Борис Миронов - Черная мантия. Анатомия российского суда
Именно на основании этих показаний и только этих показаний! следствие вписывает в обвинительное заключение (стр. 131): «Свидетель Иванов С. Л. фактически наблюдал момент, когда несколько членов организованной преступной группы покидали место взрыва».
Попробуем с этими показаниями разобраться, понять, насколько они убедительны, насколько они достоверны. Ясно, что С. Л. Иванов — свидетель не рядовой. Он — начальник штаба спецбатальона ДПС и 17 марта 2005 года не просто на службе находился, а был ответственным по батальону, когда на нем все хозяйство большого оперативного, имеющего вооружение, а, значит, войскового подразделения («У Вас большое подразделение?» — спросил его на суде Р. П. Яшин. «Да», — ответил майор) (т. 46. л.д. 97 — 103). «Примерно в 9.23 или 9.24» дежурный докладывает ему, ответственному по батальону что получил сообщение о взрыве и стрельбе в районе 39 км Минского шоссе.
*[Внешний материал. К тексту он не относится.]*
lemma nu_force_C1: "nu_force d m1 m2 h C1_differentiable_on UNIV"
  unfolding C1_differentiable_on_def has_real_derivative_iff_has_vector_derivative[symmetric]
proof (intro exI conjI ballI)
  show "(nu_force d m1 m2 h has_real_derivative
      d * (m1 - m2) * sin x - 2 * h * d^2 * (cos x * cos x - sin x * sin x)) (at x)" for x
    unfolding nu_force_def by (rule derivative_eq_intros refl | simp)+ (simp add: algebra_simps)
qed (intro continuous_intros)

lemma lam_force_minus: "lam_force d m1 m2 h (- x) = - lam_force d m1 m2 h x"
  by (simp add: lam_force_def)

lemma nu_force_reflect:
  assumes "2 * a = 2 * pi * of_int n + pi"
  shows "nu_force d m1 m2 h (2 * a - x) = - nu_force d m1 m2 h x"
proof -
  have "cos (2 * a - x) = - cos x" "sin (2 * a - x) = sin x"
    unfolding assms by (simp_all add: cos_diff sin_diff cos_add sin_add)
  then show ?thesis by (simp add: nu_force_def)
qed

lemma collisionD:
  assumes "collision l v"
  shows "l = 0 \<and> cos v = 0 \<and> (\<exists>n::int. 2 * v = 2 * pi * of_int n + pi)"
proof -
  obtain k :: int where "v = pi/2 + 2 * pi * k \<or> v = - pi/2 + 2 * pi * k" and "l = 0"
    using assms by (auto simp: collision_def)
  then consider "2 * v = 2 * pi * of_int (2 * k) + pi" | "2 * v = 2 * pi * of_int (2 * k - 1) + pi"
    by (auto simp: algebra_simps)
  then have "\<exists>n::int. 2 * v = 2 * pi * of_int n + pi"
    by cases blast+
  moreover from this have "cos v = 0"
    by (auto simp: cos_zero_iff_int2 field_simps intro!: exI)
  ultimately show ?thesis using \<open>l = 0\<close> by blast
qed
С. Л. Иванов тут же мчится к месту происшествия («Я сразу же на служебной машине выехал на место происшествия»). И сразу к нему масса вопросов. Зачем ответственному по батальону, бросив все, не сообщив никому, даже не выяснив у дежурного по подразделению, от кого получена информация и насколько она достоверная, самому нестись на место происшествия, хорошо зная, что очень часто и очень много поступает недостоверных сигналов?
Из протокола судебного заседания 14 ноября 2006 года:
«На вопросы представителя потерпевшего — адвоката Шугаева А. А. свидетель Иванов С. Л.:
— Кто дал Вам команду выдвигаться на место происшествия?
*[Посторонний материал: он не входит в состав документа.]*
(* Let $\mathcal{S}_1$ be the set of integer strings obtainable from $[4]$ by iterating the operations $$[c_1,\dots,c_k]\mapsto[c_1+1,\dots,c_k,2]\quad\text{or}\quad[c_1,\dots,c_k]\mapsto[2,c_1,\dots,c_k+1].$$ Let $\mathcal{S}_2$ be the set of strings obtainable from $[4]=[2+2]$ by iterating the operations $$[a_1,\dots,a_{k-1},a_k+b_l,b_{l-1},\dots,b_1]\mapsto[a_1,\dots,a_{k-1},(a_k+1)+2,b_l,b_{l-1},\dots,b_1]$$ or $$[a_1,\dots,a_{k-1},a_k+b_l,b_{l-1},\dots,b_1]\mapsto[a_1,\dots,a_{k-1},a_k,2+(b_l+1),b_{l-1},\dots,b_1].$$ Then $\mathcal{S}_1=\mathcal{S}_2$, and this set equals the set of Hirzebruch–Jung continued fraction expansions (with all entries $\ge2$) of the rationals $$\left\{\frac{p^2}{pq-1}\,:\,p>q>0,\ \gcd(p,q)=1\right\}.$$ Similarly, the set of Hirzebruch–Jung continued fraction expansions of $$\left\{\frac{p^2}{pq+1}\,:\,p>q>0,\ \gcd(p,q)=1\right\}$$ is obtained from $[2,2,2]$ in either of two ways. The first is by iterating $$[c_1,\dots,c_k]\mapsto[c_1+1,\dots,c_k,2]\quad\text{or}\quad[2,c_1,\dots,c_k+1].$$ The second is by iterating $$[a_1,\dots,a_{k-1},a_k,2,b_l,b_{l-1},\dots,b_1]\mapsto[a_1,\dots,a_{k-1},(a_k+1),2,2,b_l,b_{l-1},\dots,b_1]$$ or $$[a_1,\dots,a_{k-1},a_k,2,b_l,b_{l-1},\dots,b_1]\mapsto[a_1,\dots,a_{k-1},a_k,2,2,(b_l+1),b_{l-1},\dots,b_1].$$
   Context: Hirzebruch–Jung continued fractions: $[c_1,\dots,c_n]:=c_1-\cfrac{1}{c_2-\cfrac{1}{\ddots-\cfrac{1}{c_n}}}$, with all $c_i\ge2$ (the expansion of a rational $>1$ is then unique). In the rules for $\mathcal{S}_2$, a string is written as $[a_1,\dots,a_{k-1},a_k+b_l,b_{l-1},\dots,b_1]$. Here $p/q=[a_1,\dots,a_k]$ and $p/(p-q)=[b_1,\dots,b_l]$ for the corresponding coprime pair $p>q$, so that a distinguished middle entry equals $a_k+b_l$. The rules act on this decomposition, keeping track of $a_k$ and $b_l$ separately. The same applies to the decomposition $[a_1,\dots,a_k,2,b_l,\dots,b_1]$ in the second part. *)

theory Defs
  imports Complex_Main
begin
— Мне команду никто не давал, я сам принимаю решение. Мне сообщил дежурный, а откуда он получил информацию, я не знаю.
На вопрос подсудимого Квачкова В. В. свидетель Иванов С. Л.:
— Вы сказали, что не знаете, от кого получил дежурный информацию?
— Не знаю.
— Как начальник штаба, скажите, от кого такая информация могла поступить?
— Я не знаю. Я привык выполнять свои обязанности четко, быстро и не разбираясь.
— Как и в каком документе зафиксировано сообщение дежурного?
— Не знаю. Не могу сказать.
— Какой документ ведется дежурным?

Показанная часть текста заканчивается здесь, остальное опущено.